Albert Barnes Commentary Micah 1:5

Albert Barnes Commentary

Micah 1:5

1798–1870
Presbyterian
Albert Barnes
Albert Barnes

Albert Barnes Commentary

Micah 1:5

1798–1870
Presbyterian
SCRIPTURE

"For the transgression of Jacob is all this, and for the sins of the house of Israel. What is the transgression of Jacob? is it not Samaria? and what are the high places of Judah? are they not Jerusalem?" — Micah 1:5 (ASV)

For the transgression of Jacob is all this—Not for any change of purpose in God; nor, again, as the effect of man’s lust of conquest. None could have any power against God’s people, unless it had been given him by God. Those mighty monarchies of old existed only as God’s instruments, especially toward His own people. God said at this time of Assyria, Asshur rod of Mine anger, and the staff in their hand is Mine indignation (Isaiah 10:5); and, Now have I brought it to pass, that thou shouldest be to lay waste defenced cities into ruinous heaps (Isaiah 37:26).

Each scourge of God chastised just those nations, which God willed him to chasten; but the especial object for which each was raised up was his mission against that people, in whom God most showed His mercies and His judgments. I will send him against an ungodly nation and against the people of My wrath will I give him a charge (Isaiah 10:6).

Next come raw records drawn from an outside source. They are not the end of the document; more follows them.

lemma pairwise_disjoint_kmer_sites_iff:
  assumes "k \<ge> 1" "\<forall>a<s. (h a, r a, c a) \<in> kmer_positions k n m"
  shows "(\<forall>a<s. \<forall>b<s. a \<noteq> b \<longrightarrow> kmer_sites k (h a, r a, c a) \<inter> kmer_sites k (h b, r b, c b) = {})
    \<longleftrightarrow> (\<forall>(a, b)\<in>index_pairs s. (r a - r b, c a - c b) \<notin> meet_offsets k (h a) (h b))"
proof -
  have "(\<forall>a<s. \<forall>b<s. a \<noteq> b \<longrightarrow> kmer_sites k (h a, r a, c a) \<inter> kmer_sites k (h b, r b, c b) = {})
    \<longleftrightarrow> (\<forall>(a, b)\<in>index_pairs s. kmer_sites k (h a, r a, c a) \<inter> kmer_sites k (h b, r b, c b) = {})"
    by (rule all_index_pairs_iff) (simp add: Int_commute)
  also have "\<dots> \<longleftrightarrow> (\<forall>(a, b)\<in>index_pairs s. (r a - r b, c a - c b) \<notin> meet_offsets k (h a) (h b))"
  proof (rule ball_cong[OF refl], clarify)
    fix a b assume "(a, b) \<in> index_pairs s"
    then show "kmer_sites k (h a, r a, c a) \<inter> kmer_sites k (h b, r b, c b) = {} \<longleftrightarrow>
        (r a - r b, c a - c b) \<notin> meet_offsets k (h a) (h b)"
      using assms(2) by (intro kmer_sites_disjoint_iff[OF assms(1)]) (auto simp: index_pairs_def)
  qed
  finally show ?thesis .
qed

lemma ordered_configs_iff:
  assumes "k \<ge> 1"
  shows "(h, r, c) \<in> ordered_configs k s n m \<longleftrightarrow>
    h \<in> {..<s} \<rightarrow>\<^sub>E UNIV \<and> r \<in> {..<s} \<rightarrow>\<^sub>E UNIV \<and> c \<in> {..<s} \<rightarrow>\<^sub>E UNIV \<and>
    (\<lambda>a\<in>{..<s}. (h a, r a, c a)) \<in> {u \<in> {..<s} \<rightarrow>\<^sub>E kmer_positions k n m.
      \<forall>a<s. \<forall>b<s. a \<noteq> b \<longrightarrow> kmer_sites k (u a) \<inter> kmer_sites k (u b) = {}}"
proof -
  have "(\<lambda>a\<in>{..<s}. (h a, r a, c a)) \<in> {..<s} \<rightarrow>\<^sub>E kmer_positions k n m \<longleftrightarrow>
      (\<forall>a<s. (h a, r a, c a) \<in> kmer_positions k n m)"
    by (auto simp: restrict_PiE_iff)
  then show ?thesis
    using pairwise_disjoint_kmer_sites_iff[OF assms, of s h r c n m]
    by (auto simp: ordered_configs_def)
qed

lemma bij_betw_ordered_configs_tuples:
  assumes "k \<ge> 1"
  shows "bij_betw (\<lambda>(h, r, c). \<lambda>a\<in>{..<s}. (h a, r a, c a)) (ordered_configs k s n m)
    {u \<in> {..<s} \<rightarrow>\<^sub>E kmer_positions k n m. \<forall>a<s. \<forall>b<s. a \<noteq> b \<longrightarrow> kmer_sites k (u a) \<inter> kmer_sites k (u b) = {}}"
    (is "bij_betw ?f _ ?T")
proof -
  let ?g = "\<lambda>u. (\<lambda>a\<in>{..<s}. fst (u a), \<lambda>a\<in>{..<s}. fst (snd (u a)), \<lambda>a\<in>{..<s}. snd (snd (u a)))"
  have fg: "?f (?g u) = u" if "u \<in> ?T" for u
    using that by (auto simp: fun_eq_iff PiE_def extensional_def)
  show ?thesis
  proof (rule bij_betw_byWitness[where f' = ?g])
    show "\<forall>x\<in>ordered_configs k s n m. ?g (?f x) = x"
      by (auto simp: ordered_configs_def fun_eq_iff PiE_def extensional_def)
    show "\<forall>u\<in>?T. ?f (?g u) = u"
      using fg by blast
    show "?f ` ordered_configs k s n m \<subseteq> ?T"
    proof (intro subsetI)
      fix u assume "u \<in> ?f ` ordered_configs k s n m"
      then obtain h r c where "(h, r, c) \<in> ordered_configs k s n m" "u = ?f (h, r, c)"
        by auto
      then show "u \<in> ?T"
        using ordered_configs_iff[OF assms, of h r c] by simp
    qed
    show "?g ` ?T \<subseteq> ordered_configs k s n m"
    proof (intro subsetI)
      fix x assume "x \<in> ?g ` ?T"
      then obtain u where "u \<in> ?T" "x = ?g u"
        by blast
      then show "x \<in> ordered_configs k s n m"
        using fg[of u] by (simp add: ordered_configs_iff[OF assms])
    qed
  qed
qed

lemma card_ordered_configs:
  assumes "k \<ge> 2"
  shows "card (ordered_configs k s n m) = fact s * kmer_count k s n m"
proof -
  have k: "k \<ge> 1"
    using assms by simp
  have "card (ordered_configs k s n m) = card {u \<in> {..<s} \<rightarrow>\<^sub>E kmer_positions k n m.
      \<forall>a<s. \<forall>b<s. a \<noteq> b \<longrightarrow> kmer_sites k (u a) \<inter> kmer_sites k (u b) = {}}"
    by (rule bij_betw_same_card[OF bij_betw_ordered_configs_tuples[OF k]])
  also have "\<dots> = fact s * kmer_count k s n m"
    using assms unfolding kmer_count_def kmers_eq_image[OF k]
    by (simp add: card_disjoint_tuples finite_kmer_positions inj_on_kmer_sites kmer_sites_nonempty)
  finally show ?thesis .
qed

section \<open>Inclusion-exclusion over the pairs of k-mers\<close>

lemma prod_of_bool_eq:
  "finite A \<Longrightarrow> (\<Prod>x\<in>A. of_bool (P x)) = (of_bool (\<forall>x\<in>A. P x) :: 'a::comm_semiring_1)"
  by (induction rule: finite_induct) auto

lemma prod_sign_eq:
  "finite A \<Longrightarrow> (\<Prod>x\<in>A. if P x then 1 else -1) = ((-1) ^ card {x\<in>A. \<not> P x} :: 'a::comm_ring_1)"
proof -
  assume "finite A"
  moreover have "A \<inter> - {x. P x} = {x\<in>A. \<not> P x}"
    by auto
  ultimately show ?thesis
    by (simp add: prod.If_cases)
qed

text \<open>Expanding \<open>\<Prod>(a, b). (1 - [k-mers a and b meet])\<close> and writing each \<open>[meet]\<close> as a sum over the
  offsets at which the two k-mers meet gives a sum over patterns \<open>\<phi>\<close>: \<open>\<phi> (a, b) = None\<close> selects the
  term 1, \<open>\<phi> (a, b) = Some w\<close> the term \<open>-[offset of a and b = w]\<close>. The constraints of a pattern
  split into independent row and column constraints.\<close>

definition overlap_choices :: "nat \<Rightarrow> (nat \<Rightarrow> bool) \<Rightarrow> nat \<times> nat \<Rightarrow> (int \<times> int) option set" where
  "overlap_choices k h = (\<lambda>(a, b). insert None (Some ` meet_offsets k (h a) (h b)))"

definition pattern_sign :: "nat \<Rightarrow> (nat \<times> nat \<Rightarrow> (int \<times> int) option) \<Rightarrow> real" where
  "pattern_sign s \<phi> = (-1) ^ card {e \<in> index_pairs s. \<phi> e \<noteq> None}"

definition pattern_constraints ::
    "nat \<Rightarrow> (nat \<times> nat \<Rightarrow> (int \<times> int) option) \<Rightarrow> (int \<times> int \<Rightarrow> int) \<Rightarrow> (nat \<times> nat \<times> int) set" where
  "pattern_constraints s \<phi> \<pi> = {(a, b, \<pi> w) | a b w. (a, b) \<in> index_pairs s \<and> \<phi> (a, b) = Some w}"

text \<open>\<open>axis_count k s d \<phi> \<pi>\<close> counts the positions along one axis that satisfy the constraints of
  \<open>\<phi>\<close>: rows use \<open>d a = (\<not> h a)\<close> and \<open>\<pi> = fst\<close>, columns use \<open>d a = h a\<close> and \<open>\<pi> = snd\<close>.\<close>

definition axis_count ::
    "nat \<Rightarrow> nat \<Rightarrow> (nat \<Rightarrow> bool) \<Rightarrow> (nat \<times> nat \<Rightarrow> (int \<times> int) option) \<Rightarrow> (int \<times> int \<Rightarrow> int) \<Rightarrow> int \<Rightarrow> nat" where
  "axis_count k s d \<phi> \<pi> N =
     card (placements {..<s} (\<lambda>_. 0) (\<lambda>a. kmer_reach k (d a)) (pattern_constraints s \<phi> \<pi>) N)"

lemma sum_overlap_choices:
  "(\<Sum>z\<in>overlap_choices k h (a, b). case z of None \<Rightarrow> 1 | Some w \<Rightarrow> - of_bool (d = w))
     = (of_bool (d \<notin> meet_offsets k (h a) (h b)) :: real)"
proof -
  have "(\<Sum>w\<in>meet_offsets k (h a) (h b). of_bool (d = w)) = (of_bool (d \<in> meet_offsets k (h a) (h b)) :: real)"
    by (simp add: of_bool_def sum.delta' finite_meet_offsets)
  then show ?thesis
    by (simp add: overlap_choices_def sum.reindex finite_meet_offsets sum_negf)
qed

lemma prod_pattern_weights:
  "(\<Prod>e\<in>index_pairs s. case \<phi> e of None \<Rightarrow> 1
      | Some w \<Rightarrow> - of_bool ((r (fst e) - r (snd e), c (fst e) - c (snd e)) = w))
   = pattern_sign s \<phi> * of_bool (\<forall>(a, b, x)\<in>pattern_constraints s \<phi> fst. r a - r b = x)
       * of_bool (\<forall>(a, b, y)\<in>pattern_constraints s \<phi> snd. c a - c b = y)"
proof -
  have "(\<Prod>e\<in>index_pairs s. case \<phi> e of None \<Rightarrow> 1
      | Some w \<Rightarrow> - of_bool ((r (fst e) - r (snd e), c (fst e) - c (snd e)) = w))
    = (\<Prod>(a, b)\<in>index_pairs s. (if \<phi> (a, b) = None then 1 else -1)
         * of_bool (\<forall>w. \<phi> (a, b) = Some w \<longrightarrow> (r a - r b, c a - c b) = w) :: real)"
    by (intro prod.cong refl) (auto split: option.splits)
  also have "\<dots> = pattern_sign s \<phi> *
      of_bool (\<forall>(a, b)\<in>index_pairs s. \<forall>w. \<phi> (a, b) = Some w \<longrightarrow> (r a - r b, c a - c b) = w)"
    by (simp add: prod.distrib case_prod_beta prod_sign_eq prod_of_bool_eq finite_index_pairs pattern_sign_def)
  also have "(\<forall>(a, b)\<in>index_pairs s. \<forall>w. \<phi> (a, b) = Some w \<longrightarrow> (r a - r b, c a - c b) = w) \<longleftrightarrow>
      (\<forall>(a, b, x)\<in>pattern_constraints s \<phi> fst. r a - r b = x) \<and> (\<forall>(a, b, y)\<in>pattern_constraints s \<phi> snd. c a - c b = y)"
    by (auto simp: pattern_constraints_def)
  finally show ?thesis
    by simp
qed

Jacob and Israel, in this place, alike comprise the ten tribes and the two. They still bore the name of their father (who, wrestling with the Angel, became a prince with God), whom they forgot. The name of Jacob then, as of Christian now, stamped those who did not do the deeds of their father as deserters.

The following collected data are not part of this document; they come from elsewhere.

(* Consider binary classification with $\ell_1$ loss: $y:\mathcal{X}\to[0,1]$, every $h\in\mathcal{H}$ takes values in $\{0,1\}$, and $l(a,b)=|a-b|$. Let $p_s$ be a probability distribution on $\mathcal{X}$, let $h_p^*\in\arg\min_{h\in\mathcal{H}}\mathcal{L}_p(h)$, and let $\{(h_k,w_k)\}_{k=1}^K$ (with $h_k\in\mathcal{H}$, $w_k:\mathcal{X}\to[0,1]$ measurable, $\sum_k w_k(x)=1$) be an optimal model ensemble. Then for every $h\in\mathcal{H}$, $$\mathcal{L}_p(h_p^* )\le\mathcal{L}_p(h)\le\mathcal{L}_p(h_p^* )+\mathcal{L}_{p_s}\Big(h,\sum_{k=1}^K w_k\cdot h_k\Big)+\tfrac12\,d_{\bar{\mathcal{H}}\triangle\bar{\mathcal{H}}}(p,p_s).$$
   Context: $\mathcal{X}$ is a measurable space with fixed measurable labeling function $y$. For a distribution $q$ on $\mathcal{X}$ and measurable real functions $g,g'$: $\mathcal{L}_q(g)=\mathbf{E}_{x\sim q}[|g(x)-y(x)|]$ and $\mathcal{L}_q(g,g')=\mathbf{E}_{x\sim q}[|g(x)-g'(x)|]$. There are $K$ clients with distributions $p_k$ on $\mathcal{X}$ and positive integers $n_k$; $\pi_k=n_k/\sum_j n_j$, $p=\sum_k\pi_k p_k$. The ensemble $\sum_k w_k\cdot h_k$ is $x\mapsto\sum_k w_k(x)h_k(x)$; it is an optimal model ensemble if $\mathcal{L}_p(\sum_k w_k\cdot h_k)\le\min_{h\in\mathcal{H}}\mathcal{L}_p(h)$. The spanned class is $\bar{\mathcal{H}}=\{\sum_{k=1}^K w_k\cdot h_k:\ h_k\in\mathcal{H},\ w_k:\mathcal{X}\to[0,1]\text{ measurable},\ \sum_k w_k(x)=1\ \forall x\}$, and $d_{\bar{\mathcal{H}}\triangle\bar{\mathcal{H}}}(q,q')=2\sup_{g,g'\in\bar{\mathcal{H}}}|\mathcal{L}_q(g,g')-\mathcal{L}_{q'}(g,g')|$. *)

theory Defs
  imports "HOL-Probability.Probability"
begin

definition loss :: "'a measure \<Rightarrow> ('a \<Rightarrow> real) \<Rightarrow> ('a \<Rightarrow> real) \<Rightarrow> real" where
  "loss q y g = (\<integral>x. \<bar>g x - y x\<bar> \<partial>q)"

definition disc :: "'a measure \<Rightarrow> ('a \<Rightarrow> real) \<Rightarrow> ('a \<Rightarrow> real) \<Rightarrow> real" where
  "disc q g g' = (\<integral>x. \<bar>g x - g' x\<bar> \<partial>q)"

definition ensemble :: "nat \<Rightarrow> (nat \<Rightarrow> 'a \<Rightarrow> real) \<Rightarrow> (nat \<Rightarrow> 'a \<Rightarrow> real) \<Rightarrow> 'a \<Rightarrow> real" where
  "ensemble K w h = (\<lambda>x. \<Sum>k<K. w k x * h k x)"

definition mixture :: "'a measure \<Rightarrow> nat \<Rightarrow> (nat \<Rightarrow> nat) \<Rightarrow> (nat \<Rightarrow> 'a measure) \<Rightarrow> 'a measure" where
  "mixture M K n P = measure_of (space M) (sets M)
     (\<lambda>A. \<Sum>k<K. ennreal (real (n k) / real (\<Sum>j<K. n j)) * emeasure (P k) A)"

definition spanned :: "'a measure \<Rightarrow> nat \<Rightarrow> ('a \<Rightarrow> real) set \<Rightarrow> ('a \<Rightarrow> real) set" where
  "spanned M K H = {ensemble K w h | w h.
      (\<forall>k<K. h k \<in> H) \<and>
      (\<forall>k<K. w k \<in> borel_measurable M \<and> (\<forall>x. w k x \<in> {0..1})) \<and>
      (\<forall>x. (\<Sum>k<K. w k x) = 1)}"

definition dHH :: "'a measure \<Rightarrow> nat \<Rightarrow> ('a \<Rightarrow> real) set \<Rightarrow> 'a measure \<Rightarrow> 'a measure \<Rightarrow> real" where
  "dHH M K H q q' = 2 * (SUP gg \<in> spanned M K H \<times> spanned M K H.
      \<bar>disc q (fst gg) (snd gg) - disc q' (fst gg) (snd gg)\<bar>)"

end

theory Submission
  imports Defs
begin

text \<open>With \<open>g\<close> the optimal ensemble, the triangle inequality for the \<open>\<ell>\<^sub>1\<close> disagreement gives
  \<open>L\<^sub>p(h) \<le> L\<^sub>p(g) + L\<^sub>p(h, g)\<close>. Optimality of \<open>g\<close> bounds \<open>L\<^sub>p(g)\<close> by \<open>L\<^sub>p(h\<^sup>*)\<close>, and since both
  \<open>h\<close> and \<open>g\<close> lie in the spanned class, \<open>L\<^sub>p(h, g)\<close> differs from \<open>L\<^sub>p\<^sub>s(h, g)\<close> by at most
  half the \<open>H\<^sub>\<triangle>H\<close>-divergence; the supremum defining it is finite because all
  disagreements lie in \<open>[0, 1]\<close>.\<close>

definition unit_measurable :: "'a measure \<Rightarrow> ('a \<Rightarrow> real) set" where
  "unit_measurable M = {f. f \<in> borel_measurable M \<and> (\<forall>x. f x \<in> {0..1})}"

lemma unit_measurableI:
  "f \<in> borel_measurable M \<Longrightarrow> (\<And>x. f x \<in> {0..1}) \<Longrightarrow> f \<in> unit_measurable M"
  unfolding unit_measurable_def by blast

lemma unit_measurableD:
  assumes "f \<in> unit_measurable M"
  shows "f \<in> borel_measurable M" "f x \<in> {0..1}"
  using assms unfolding unit_measurable_def by auto

lemma unit_measurable_abs_diff_le:
  "f \<in> unit_measurable M \<Longrightarrow> g \<in> unit_measurable M \<Longrightarrow> \<bar>f x - g x\<bar> \<le> 1"
  using unit_measurableD(2)[of f M x] unit_measurableD(2)[of g M x] by auto

lemma loss_eq_disc: "loss q y g = disc q g y"
  unfolding loss_def disc_def ..

lemma integrable_abs_diff_unit_measurable:
  assumes "finite_measure q" "sets q = sets M"
    and "f \<in> unit_measurable M" "g \<in> unit_measurable M"
  shows "integrable q (\<lambda>x. \<bar>f x - g x\<bar>)"
proof -
  interpret finite_measure q by fact
  have "(\<lambda>x. \<bar>f x - g x\<bar>) \<in> borel_measurable q"
    using unit_measurableD(1)[OF assms(3)] unit_measurableD(1)[OF assms(4)]
    by (simp add: measurable_cong_sets[OF assms(2) refl])
  moreover have "AE x in q. norm \<bar>f x - g x\<bar> \<le> 1"
    using assms(3,4) by (intro AE_I2) (simp add: unit_measurable_abs_diff_le)
  ultimately show ?thesis by (intro integrable_const_bound)
qed

lemma disc_unit_interval:
  assumes "prob_space q" "sets q = sets M"
    and "f \<in> unit_measurable M" "g \<in> unit_measurable M"
  shows "disc q f g \<in> {0..1}"
proof -
  interpret prob_space q by fact
  have int: "integrable q (\<lambda>x. \<bar>f x - g x\<bar>)"
    using assms by (intro integrable_abs_diff_unit_measurable) (auto intro: finite_measure_axioms)
  have "disc q f g \<le> integral\<^sup>L q (\<lambda>x. 1)"
    unfolding disc_def using assms(3,4)
    by (intro integral_mono[OF int]) (simp_all add: unit_measurable_abs_diff_le)
  then show ?thesis
    by (simp add: disc_def prob_space)
qed

lemma disc_triangle:
  assumes "finite_measure q" "sets q = sets M"
    and "f \<in> unit_measurable M" "g \<in> unit_measurable M" "h \<in> unit_measurable M"
  shows "disc q f h \<le> disc q f g + disc q g h"
proof -
  have int: "integrable q (\<lambda>x. \<bar>u x - v x\<bar>)"
    if "u \<in> {f, g, h}" "v \<in> {f, g, h}" for u v
    using that assms by (intro integrable_abs_diff_unit_measurable) auto
  have "disc q f h \<le> integral\<^sup>L q (\<lambda>x. \<bar>f x - g x\<bar> + \<bar>g x - h x\<bar>)"
    unfolding disc_def by (intro integral_mono int Bochner_Integration.integrable_add) auto
  also have "\<dots> = disc q f g + disc q g h"
    unfolding disc_def by (intro Bochner_Integration.integral_add int) auto
  finally show ?thesis .
qed

lemma sets_mixture [simp]: "sets (mixture M K n P) = sets M"
  and space_mixture [simp]: "space (mixture M K n P) = space M"
  unfolding mixture_def by (simp_all add: sets.space_closed)

lemma prob_space_mixture:
  assumes n_sum: "0 < (\<Sum>j<K. n j)"
    and P_prob: "\<forall>k<K. prob_space (P k) \<and> sets (P k) = sets M"
  shows "prob_space (mixture M K n P)"
proof -
  define \<pi> where "\<pi> k = ennreal (real (n k) / real (\<Sum>j<K. n j))" for k
  let ?\<mu> = "\<lambda>A. \<Sum>k<K. \<pi> k * emeasure (P k) A"
  have sets_P: "sets (P k) = sets M" if "k < K" for k
    using P_prob that by blast
  have "countably_additive (sets M) ?\<mu>"
    unfolding countably_additive_def
  proof (intro allI impI)
    fix A :: "nat \<Rightarrow> _"
    assume A: "range A \<subseteq> sets M" "disjoint_family A" "\<Union> (range A) \<in> sets M"
    have "(\<Sum>i. ?\<mu> (A i)) = (\<Sum>k<K. \<Sum>i. \<pi> k * emeasure (P k) (A i))"
      by (rule suminf_sum) (rule summableI)
    also have "\<dots> = ?\<mu> (\<Union> (range A))"
      using A sets_P by (intro sum.cong refl) (simp add: suminf_emeasure)
    finally show "(\<Sum>i. ?\<mu> (A i)) = ?\<mu> (\<Union> (range A))" .
  qed
  moreover have "positive (sets M) ?\<mu>"
    unfolding positive_def using sets_P by (auto intro!: sum.neutral)
  ultimately have "emeasure (mixture M K n P) (space M) = ?\<mu> (space M)"
    unfolding mixture_def \<pi>_def[symmetric]
    by (intro emeasure_measure_of_sigma sets.sigma_algebra_axioms) auto
  also have "\<dots> = (\<Sum>k<K. \<pi> k)"
    using P_prob by (intro sum.cong refl)
      (metis lessThan_iff mult.right_neutral prob_space.emeasure_space_1 sets_eq_imp_space_eq)
  also have "\<dots> = ennreal (\<Sum>k<K. real (n k) / real (\<Sum>j<K. n j))"
    unfolding \<pi>_def by (intro sum_ennreal) (auto intro!: divide_nonneg_nonneg sum_nonneg)
  also have "(\<Sum>k<K. real (n k) / real (\<Sum>j<K. n j)) = 1"
  proof -
    have "real (\<Sum>j<K. n j) \<noteq> 0"
      using n_sum by linarith
    then show ?thesis
      by (simp add: sum_divide_distrib[symmetric] of_nat_sum[symmetric] del: of_nat_sum)
  qed
  finally show ?thesis
    by (intro prob_spaceI) simp
qed

lemma ensemble_unit_measurable:
  assumes "\<forall>k<K. h k \<in> unit_measurable M"
    and "\<forall>k<K. w k \<in> unit_measurable M" and "\<forall>x. (\<Sum>k<K. w k x) = 1"
  shows "ensemble K w h \<in> unit_measurable M"
proof (rule unit_measurableI)
  show "ensemble K w h \<in> borel_measurable M"
    unfolding ensemble_def using assms(1,2)
    by (intro borel_measurable_sum borel_measurable_times) (auto dest: unit_measurableD(1))
  fix x
  have bounds: "0 \<le> w k x * h k x \<and> w k x * h k x \<le> w k x" if "k < K" for k
    using that assms(1,2) unit_measurableD(2)[of "w k" M x] unit_measurableD(2)[of "h k" M x]
    by (auto intro: mult_left_le)
  have "(\<Sum>k<K. w k x * h k x) \<le> (\<Sum>k<K. w k x)"
    using bounds by (intro sum_mono) auto
  then show "ensemble K w h x \<in> {0..1}"
    unfolding ensemble_def using bounds assms(3) by (auto intro: sum_nonneg)
qed

lemma spanned_unit_measurable:
  assumes "H \<subseteq> unit_measurable M"
  shows "spanned M K H \<subseteq> unit_measurable M"
  using assms unfolding spanned_def
  by (auto intro!: ensemble_unit_measurable intro: unit_measurableI)

lemma ensemble_in_spanned:
  assumes "\<forall>k<K. h k \<in> H"
    and "\<forall>k<K. w k \<in> borel_measurable M \<and> (\<forall>x. w k x \<in> {0..1})" and "\<forall>x. (\<Sum>k<K. w k x) = 1"
  shows "ensemble K w h \<in> spanned M K H"
  using assms unfolding spanned_def by blast

lemma subset_spanned:
  assumes "K > 0"
  shows "H \<subseteq> spanned M K H"
proof
  fix h assume "h \<in> H"
  define e :: "nat \<Rightarrow> 'a \<Rightarrow> real" where "e k = (\<lambda>_. if k = 0 then 1 else 0)" for k
  have "ensemble K e (\<lambda>_. h) = h"
    using assms by (simp add: ensemble_def e_def fun_eq_iff flip: sum_distrib_right)
  moreover have "ensemble K e (\<lambda>_. h) \<in> spanned M K H"
    using \<open>h \<in> H\<close> assms by (intro ensemble_in_spanned) (auto simp: e_def)
  ultimately show "h \<in> spanned M K H" by simp
qed

lemma disc_le_disc_plus_dHH:
  assumes "H \<subseteq> unit_measurable M"
    and "prob_space q" "sets q = sets M" "prob_space q'" "sets q' = sets M"
    and "g \<in> spanned M K H" "g' \<in> spanned M K H"
  shows "disc q g g' \<le> disc q' g g' + dHH M K H q q' / 2"
proof -
  let ?gap = "\<lambda>gg. \<bar>disc q (fst gg) (snd gg) - disc q' (fst gg) (snd gg)\<bar>"
  have "?gap gg \<le> 1" if "gg \<in> spanned M K H \<times> spanned M K H" for gg
    using that spanned_unit_measurable[OF assms(1)] assms(2-5)
      disc_unit_interval[of q M "fst gg" "snd gg"] disc_unit_interval[of q' M "fst gg" "snd gg"]
    by (auto simp: mem_Times_iff subset_iff)
  then have "?gap (g, g') \<le> (SUP gg \<in> spanned M K H \<times> spanned M K H. ?gap gg)"
    using assms(6,7) by (intro cSUP_upper bdd_aboveI2) auto
  then show ?thesis
    unfolding dHH_def by simp
qed

theorem corollary1:
  fixes M :: "'a measure" and y :: "'a \<Rightarrow> real" and H :: "('a \<Rightarrow> real) set"
    and K :: nat and n :: "nat \<Rightarrow> nat" and P :: "nat \<Rightarrow> 'a measure"
    and ps :: "'a measure" and hstar :: "'a \<Rightarrow> real"
    and hs :: "nat \<Rightarrow> 'a \<Rightarrow> real" and w :: "nat \<Rightarrow> 'a \<Rightarrow> real"
  assumes K_pos: "K > 0"
    and n_pos: "\<forall>k<K. n k > 0"
    and P_prob: "\<forall>k<K. prob_space (P k) \<and> sets (P k) = sets M"
    and ps_prob: "prob_space ps" and ps_sets: "sets ps = sets M"
    and y_meas: "y \<in> borel_measurable M" and y_range: "\<forall>x. y x \<in> {0..1}"
    and H_meas: "\<forall>h\<in>H. h \<in> borel_measurable M"
    and H_bin: "\<forall>h\<in>H. \<forall>x. h x \<in> {0, 1}"
    and hstar_in: "hstar \<in> H"
    and hstar_min: "\<forall>h\<in>H. loss (mixture M K n P) y hstar \<le> loss (mixture M K n P) y h"
    and hs_in: "\<forall>k<K. hs k \<in> H"
    and w_meas: "\<forall>k<K. w k \<in> borel_measurable M"
    and w_range: "\<forall>k<K. \<forall>x. w k x \<in> {0..1}"
    and w_sum: "\<forall>x. (\<Sum>k<K. w k x) = 1"
    and opt: "loss (mixture M K n P) y (ensemble K w hs) \<le> (INF h\<in>H. loss (mixture M K n P) y h)"
  shows "\<forall>h\<in>H. loss (mixture M K n P) y hstar \<le> loss (mixture M K n P) y h \<and>
           loss (mixture M K n P) y h \<le> loss (mixture M K n P) y hstar
             + disc ps h (ensemble K w hs) + dHH M K H (mixture M K n P) ps / 2"
proof
  fix h assume "h \<in> H"
  define p where "p = mixture M K n P"
  define g where "g = ensemble K w hs"
  have "0 < (\<Sum>j<K. n j)"
    using K_pos n_pos by (intro sum_pos2[where i=0]) auto
  then have p: "prob_space p" "sets p = sets M"
    unfolding p_def using P_prob by (simp_all add: prob_space_mixture)
  have "f x \<in> {0..1}" if "f \<in> H" for f x
    using H_bin that by (metis atLeastAtMost_iff insert_iff empty_iff order_refl zero_le_one)
  then have H_unit: "H \<subseteq> unit_measurable M"
    using H_meas by (auto intro: unit_measurableI)
  have g: "g \<in> spanned M K H"
    unfolding g_def using hs_in w_meas w_range w_sum by (intro ensemble_in_spanned) auto
  have y: "y \<in> unit_measurable M"
    using y_meas y_range by (intro unit_measurableI) auto
  have "loss p y g \<le> (INF h\<in>H. loss p y h)"
    using opt unfolding p_def g_def .
  also have "\<dots> \<le> loss p y hstar"
    by (intro cINF_lower[OF _ hstar_in] bdd_belowI2[where m=0])
      (simp add: loss_def)
  finally have g_opt: "loss p y g \<le> loss p y hstar" .
  have "loss p y h \<le> disc p h g + loss p y g"
    unfolding loss_eq_disc using p H_unit spanned_unit_measurable[OF H_unit] \<open>h \<in> H\<close> g y
    by (intro disc_triangle prob_space.axioms(1)) auto
  moreover have "disc p h g \<le> disc ps h g + dHH M K H p ps / 2"
    using p ps_prob ps_sets H_unit g \<open>h \<in> H\<close> subset_spanned[OF K_pos, of H M]
    by (intro disc_le_disc_plus_dHH) auto
  moreover have "loss p y hstar \<le> loss p y h"
    using hstar_min \<open>h \<in> H\<close> unfolding p_def by blast
  ultimately show "loss p y hstar \<le> loss p y h \<and>
      loss p y h \<le> loss p y hstar + disc ps h (ensemble K w hs) + dHH M K H p ps / 2"
    using g_opt unfolding g_def by linarith
qed

end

“What (rather who) is the transgression of Jacob?” Who is its cause? In whom does it lie? Is it not Samaria?

The metropolis must, in its own nature, be the source of good or evil to the land. It is the heart whose pulses beat throughout the whole system. As the seat of power, the residence of justice or injustice, the place of counsel, and the concentration of wealth—which all the most influential people of the land visit for their various occasions—its manners penetrate to some degree the utmost corners of the land.

Corrupted, it becomes a focus of corruption. The blood passes through it, not to be purified, but to be diseased. Samaria—being founded on apostasy, owing its existence to rebellion against God, and the home of that policy which set up a rival system of worship to His (which He had forbidden)—became a fountain of evil from which the stream of ungodliness overflowed the land. It became the impersonation of the people’s sin, “the heart and the head of the body of sin.”

And what—Literally, who (מי) always relates to a personal object, and apparent exceptions may be reduced to this. So Ae. Kim. Tanch. Pococke.

Are the high places of Judah? Are they not Jerusalem?—Jerusalem God had formed to be a center of unity in holiness. The tribes of the Lord were to go up there to the testimony of Israel; there was the unceasing worship of God, the morning and evening sacrifice, the Feasts, the memorials of past miraculous mercies, and the foreshadowings of redemption.

But there too Satan placed his throne. Ahaz brought there that most hateful idolatry: burning children to Moloch in the valley of the son of Hinnom (2 Chronicles 28:3). There (2 Chronicles 28:24), he made for himself altars in every corner of Jerusalem.

From there, he extended the idolatry to all Judah. And in every several city of Judah he made high places to burn incense unto other gods, and provoked to anger the Lord God of his fathers (2 Chronicles 28:25). Hezekiah, in his reformation, with all Israel, went out to the cities of Judah and broke the images in pieces, bowed down the statues of Asherah, and threw down the high places and the altars from all Judah and Benjamin, as well as from Ephraim and Manasseh (2 Chronicles 31:1). Indeed, by a perverse interchange, Ahaz took the Brazen Altar, consecrated to God, for his own divinations, and assigned to the worship of God the altar copied from the idol-altar at Damascus, whose fashion pleased his taste (2 Kings 16:10–16).

Since God and mammon cannot be served together, Jerusalem had become one great idol-temple, in which Judah brought its sin into the very face of God and of His worship. The Holy City had itself become sin, and the fountain of unholiness.

The one temple of God was the single protest against the idolatries which encompassed and besieged it; the incense went up to God from it, morning and evening. However, from every head of every street of the city (Ezekiel 16:31; 2 Chronicles 28:24), and (since Ahaz had brought in the worship of Baalim (2 Chronicles 28:2), and the rites of idolatry continued the same) from the roofs of all their houses (Jeremiah 32:29), incense went up to Baal—a worship which, denying the Unity, denied the Being of God.